Would you repeat exactly the part of the listing below that runs from the line containing "- t\<bar>\<close>, and" down to the line containing "estimate with a", inclusive, and nothing else?

Records supplied:
.....
(* Let $k\geq1$, $a_1,\dots,a_k\in\mathbb{R}\setminus\{0\}$ and real exponents $\alpha_1<\cdots<\alpha_k$. Then $f:(0,\infty)\to\mathbb{R}$, $f(x)=\sum_{i=1}^k a_ix^{\alpha_i}$, is amenable.
   Context: Relative distance on $\mathbb{R}$: $\mathrm{dist}(x,y)=0$ if $x=y=0$, $\mathrm{dist}(x,y)=|\log(y/x)|$ if $xy>0$, and $\mathrm{dist}(x,y)=\infty$ otherwise. For a real analytic function $f$ on an open set $\Omega\subseteq\mathbb{R}$, not identically zero, the condition number is $\kappa(f,x)=0$ if $x=0$, $\kappa(f,x)=\infty$ if $x\neq0$ and $f(x)=0$, and $\kappa(f,x)=|x|\,|f'(x)|/|f(x)|$ otherwise; $\mu(f,x)=1+\kappa(f,x)$. $f:\Omega\to\mathbb{R}$ is amenable if there is $C>0$ such that for every $x\in\Omega$ with $\kappa(f,x)<\infty$, the set $B_x=\{y\in\mathbb{R}:\mathrm{dist}(y,x)<1/(C\mu(f,x))\}$ is contained in $\Omega$ and $\mu(f,y)\leq C\mu(f,x)$ for all $y\in B_x$. *)

theory Defs
  imports "HOL-Analysis.Analysis"
begin

definition reldist :: "real \<Rightarrow> real \<Rightarrow> ereal" where
  "reldist x y = (if x = 0 \<and> y = 0 then 0
                  else if x * y > 0 then ereal \<bar>ln (y / x)\<bar>
                  else \<infinity>)"

definition kappa :: "(real \<Rightarrow> real) \<Rightarrow> real \<Rightarrow> ereal" where
  "kappa f x = (if x = 0 then 0
                else if f x = 0 then \<infinity>
                else ereal (\<bar>x\<bar> * \<bar>deriv f x\<bar> / \<bar>f x\<bar>))"

definition mu :: "(real \<Rightarrow> real) \<Rightarrow> real \<Rightarrow> ereal" where
  "mu f x = 1 + kappa f x"

definition amenable :: "real set \<Rightarrow> (real \<Rightarrow> real) \<Rightarrow> bool" where
  "amenable \<Omega> f \<longleftrightarrow> (\<exists>C::real > 0. \<forall>x\<in>\<Omega>. kappa f x < \<infinity> \<longrightarrow>
      (let B = {y. reldist y x < ereal (1 / (C * real_of_ereal (mu f x)))} in
         B \<subseteq> \<Omega> \<and> (\<forall>y\<in>B. mu f y \<le> ereal C * mu f x)))"

end

theory Submission
  imports Defs "HOL-Complex_Analysis.Complex_Analysis"
begin

text \<open>Substituting \<open>x = exp t\<close> turns \<open>f\<close> into the exponential sum
\<open>g t = \<Sum>i. a i * exp (\<alpha> i * t)\<close>, the relative distance into \<open>\<bar>s - t\<bar>\<close>, and
\<open>\<mu>(f, x)\<close> into \<open>1 + \<bar>g' t / g t\<bar>\<close>. Since \<open>g\<close> extends to an entire function,
near every point \<open>z\<close> its logarithmic derivative is \<open>m / (t - z)\<close> plus a bounded term,
\<open>m\<close> being the order of the zero of \<open>g\<close> at \<open>z\<close>; this gives the amenability
estimate with a constant that is uniform near \<open>z\<close>. For \<open>\<bar>t\<bar>\<close> large a single
exponential dominates, so \<open>g' / g\<close> is bounded there, and compactness of the remaining
interval yields one constant for all \<open>t\<close>.\<close>

text \<open>With \<open>g = f \<circ> exp\<close>, \<open>log_mu g (ln x) = \<mu>(f, x)\<close>, and \<open>log_amenable_at C g (ln x)\<close>
is the amenability condition at \<open>x\<close> (see \<open>amenable_if_log_amenable\<close>).\<close>

definition log_mu :: "(real \<Rightarrow> real) \<Rightarrow> real \<Rightarrow> real" where
  "log_mu g t = 1 + \<bar>deriv g t / g t\<bar>"

definition log_amenable_at :: "real \<Rightarrow> (real \<Rightarrow> real) \<Rightarrow> real \<Rightarrow> bool" where
  "log_amenable_at C g t \<longleftrightarrow> (g t \<noteq> 0 \<longrightarrow> (\<forall>s. \<bar>s - t\<bar> < 1 / (C * log_mu g t) \<longrightarrow>
      g s \<noteq> 0 \<and> log_mu g s \<le> C * log_mu g t))"

lemma log_mu_ge_1: "1 \<le> log_mu g t"
  by (simp add: log_mu_def)

lemma log_amenable_at_mono:
  assumes "log_amenable_at C g t" "0 < C" "C \<le> C'"
  shows "log_amenable_at C' g t"
  unfolding log_amenable_at_def
proof (intro impI allI)
  fix s assume "g t \<noteq> 0" and s: "\<bar>s - t\<bar> < 1 / (C' * log_mu g t)"
  have W: "1 \<le> log_mu g t" by (rule log_mu_ge_1)
  have "1 / (C' * log_mu g t) \<le> 1 / (C * log_mu g t)"
    using W assms(2,3) by (intro divide_left_mono mult_right_mono mult_pos_pos) auto
  with s assms(1) \<open>g t \<noteq> 0\<close> have "g s \<noteq> 0 \<and> log_mu g s \<le> C * log_mu g t"
    unfolding log_amenable_at_def by force
  moreover have "C * log_mu g t \<le> C' * log_mu g t"
    using W assms(3) by (intro mult_right_mono) auto
  ultimately show "g s \<noteq> 0 \<and> log_mu g s \<le> C' * log_mu g t" by linarith
qed

lemma log_amenable_at_if_bounded:
  assumes "0 < r" and bounded: "\<And>s. \<bar>s - t\<bar> < r \<Longrightarrow> g s \<noteq> 0 \<and> \<bar>deriv g s / g s\<bar> \<le> B"
    and "1 + B \<le> C" "1 \<le> C * r"
  shows "log_amenable_at C g t"
  unfolding log_amenable_at_def
proof (intro impI allI)
  fix s assume s: "\<bar>s - t\<bar> < 1 / (C * log_mu g t)"
  have W: "1 \<le> log_mu g t" by (rule log_mu_ge_1)
  have C: "0 < C" using assms(1,4) by (metis zero_less_mult_pos2 zero_less_one less_le_trans)
  have "1 / (C * log_mu g t) \<le> 1 / C" using W C by (simp add: divide_le_eq)
  also have "\<dots> \<le> r" using assms(4) C by (simp add: divide_le_eq mult.commute)
  finally have "\<bar>s - t\<bar> < r" using s by linarith
  then have "g s \<noteq> 0 \<and> \<bar>deriv g s / g s\<bar> \<le> B" by (rule bounded)
  moreover have "C \<le> C * log_mu g t" using W C by simp
  ultimately show "g s \<noteq> 0 \<and> log_mu g s \<le> C * log_mu g t"
    using assms(3) unfolding log_mu_def by linarith
qed

text \<open>\<open>m\<close> plays the role of the order of the zero of \<open>g\<close> at \<open>z\<close>:
\<open>m / (s - z)\<close> is the logarithmic derivative of \<open>(s - z) ^ m\<close>.\<close>

definition log_deriv_expansion :: "(real \<Rightarrow> real) \<Rightarrow> real \<Rightarrow> nat \<Rightarrow> real \<Rightarrow> real \<Rightarrow> bool" where
  "log_deriv_expansion g z m \<delta> B \<longleftrightarrow> (0 < m \<longrightarrow> g z = 0) \<and>
     (\<forall>s. \<bar>s - z\<bar> < \<delta> \<longrightarrow> (s = z \<longrightarrow> m = 0) \<longrightarrow>
        g s \<noteq> 0 \<and> \<bar>deriv g s / g s - real m / (s - z)\<bar> \<le> B)"
lemma ivp_solution_exists: "\<exists>y. is_linear_ode_solution n a I y \<and> (\<forall>k<n. higher_deriv k y x0 = v k)"
proof -
  define y where "y = picard_limit v 0"
  have hd: "\<forall>z\<in>I. higher_deriv k y z = picard_limit v k z" if "k < n" for k
    using that
  proof (induction k)
    case (Suc k)
    have "higher_deriv (Suc k) y z = ode_rhs (picard_limit v) k z" if "z \<in> I" for z
      using DERIV_transform_open(2)[OF picard_limit_has_derivative open_I that] Suc that
      by (simp add: higher_deriv_Suc)
    then show ?case
      using Suc.prems by (simp add: ode_rhs_def)
  qed (simp add: y_def)
  have deriv: "(higher_deriv k y has_real_derivative ode_rhs (picard_limit v) k x) (at x)"
    and hd_Suc: "higher_deriv (Suc k) y x = ode_rhs (picard_limit v) k x"
    if "k < n" "x \<in> I" for k x
    using DERIV_transform_open[OF picard_limit_has_derivative open_I \<open>x \<in> I\<close>] hd that
    by (simp_all add: higher_deriv_Suc)
  obtain m where m: "n = Suc m"
    using n_pos by (cases n) auto
  have "higher_deriv n y x + (\<Sum>i<n. a i x * higher_deriv i y x) = 0" if "x \<in> I" for x
  proof -
    have "higher_deriv n y x = - (\<Sum>i<n. a i x * picard_limit v i x)"
      using hd_Suc[of m x, unfolded ode_rhs_def] that by (simp add: m)
    moreover have "(\<Sum>i<n. a i x * higher_deriv i y x) = (\<Sum>i<n. a i x * picard_limit v i x)"
      using hd that by simp
    ultimately show ?thesis
      by simp
  qed
  moreover have "n_times_differentiable_on n y I"
    using deriv hd_Suc by (simp add: n_times_differentiable_on_def)
  moreover have "\<forall>k<n. higher_deriv k y x0 = v k"
    using hd x0_in_I picard_limit_x0 by simp
  ultimately show ?thesis
    unfolding is_linear_ode_solution_def by blast
qed

lemma fundamental_solutions_exist:
  "\<exists>Y. \<forall>j. is_linear_ode_solution n a I (Y j) \<and>
      (\<forall>k<n. higher_deriv k (Y j) x0 = (if k = j then 1 else 0))"
  by (intro choice allI ivp_solution_exists)

end

theorem theorem2p2:
  fixes n :: nat and a :: "nat \<Rightarrow> real \<Rightarrow> real" and I :: "real set"
  assumes "n \<ge> 1"
    and "open I" and "is_interval I" and "I \<noteq> {}"
    and "\<forall>i<n. continuous_on I (a i)"
  shows "\<exists>y. is_linear_ode_solution n a I y \<and>
             lin_indep_on n (\<lambda>i. higher_deriv i y) I"
proof (rule ccontr)
  assume no_indep: "\<nexists>y. is_linear_ode_solution n a I y \<and> lin_indep_on n (\<lambda>i. higher_deriv i y) I"
  obtain x0 where "x0 \<in> I"
    using \<open>I \<noteq> {}\<close> by blast
  interpret linear_ode_ivp n a I x0
    using assms \<open>x0 \<in> I\<close> by unfold_locales auto
  have jet: "infinitely_differentiable_on y I"
    "\<exists>q. q \<noteq> 0 \<and> degree q < n \<and> annihilates q (\<lambda>k. higher_deriv k y x0)"
    if "is_linear_ode_solution n a I y" for y
    using dependent_derivatives_imp_annihilated_jet[OF \<open>open I\<close> \<open>x0 \<in> I\<close>] that no_indep
    by (auto simp: is_linear_ode_solution_def)
  obtain Y where "\<forall>j. is_linear_ode_solution n a I (Y j) \<and>
      (\<forall>k<n. higher_deriv k (Y j) x0 = (if k = j then 1 else 0))"
    using fundamental_solutions_exist by blast
  then have Y: "\<And>j. is_linear_ode_solution n a I (Y j)"
    and Y_x0: "\<And>j k. k < n \<Longrightarrow> higher_deriv k (Y j) x0 = (if k = j then 1 else 0)"
    by simp_all
  have "\<exists>v. \<forall>q. q \<noteq> 0 \<longrightarrow> degree q < n \<longrightarrow>
      \<not> annihilates q (\<lambda>k. \<Sum>j<n. v j * higher_deriv k (Y j) x0)"
    using jet(2)[OF Y] Y_x0 by (intro ex_lincomb_without_short_annihilator) blast+
  then obtain v where v: "\<forall>q. q \<noteq> 0 \<longrightarrow> degree q < n \<longrightarrow>
      \<not> annihilates q (\<lambda>k. \<Sum>j<n. v j * higher_deriv k (Y j) x0)"
    by blast
  have "is_linear_ode_solution n a I (\<lambda>z. \<Sum>j<n. v j * Y j z)"
    using \<open>open I\<close> Y by (rule is_linear_ode_solution_lincomb)
  then obtain q where "q \<noteq> 0" "degree q < n"
    and "annihilates q (\<lambda>k. higher_deriv k (\<lambda>z. \<Sum>j<n. v j * Y j z) x0)"
    using jet(2) by blast
  moreover have "higher_deriv k (\<lambda>z. \<Sum>j<n. v j * Y j z) x0 = (\<Sum>j<n. v j * higher_deriv k (Y j) x0)" for k
    using \<open>open I\<close> jet(1)[OF Y] \<open>x0 \<in> I\<close> by (rule higher_deriv_lincomb_smooth)
  ultimately show False
    using v by simp
qed

end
.....
Result of the exercise:
\<open>g t = \<Sum>i. a i * exp (\<alpha> i * t)\<close>, the relative distance into \<open>\<bar>s - t\<bar>\<close>, and
\<open>\<mu>(f, x)\<close> into \<open>1 + \<bar>g' t / g t\<bar>\<close>. Since \<open>g\<close> extends to an entire function,
near every point \<open>z\<close> its logarithmic derivative is \<open>m / (t - z)\<close> plus a bounded term,
\<open>m\<close> being the order of the zero of \<open>g\<close> at \<open>z\<close>; this gives the amenability
estimate with a constant that is uniform near \<open>z\<close>. For \<open>\<bar>t\<bar>\<close> large a single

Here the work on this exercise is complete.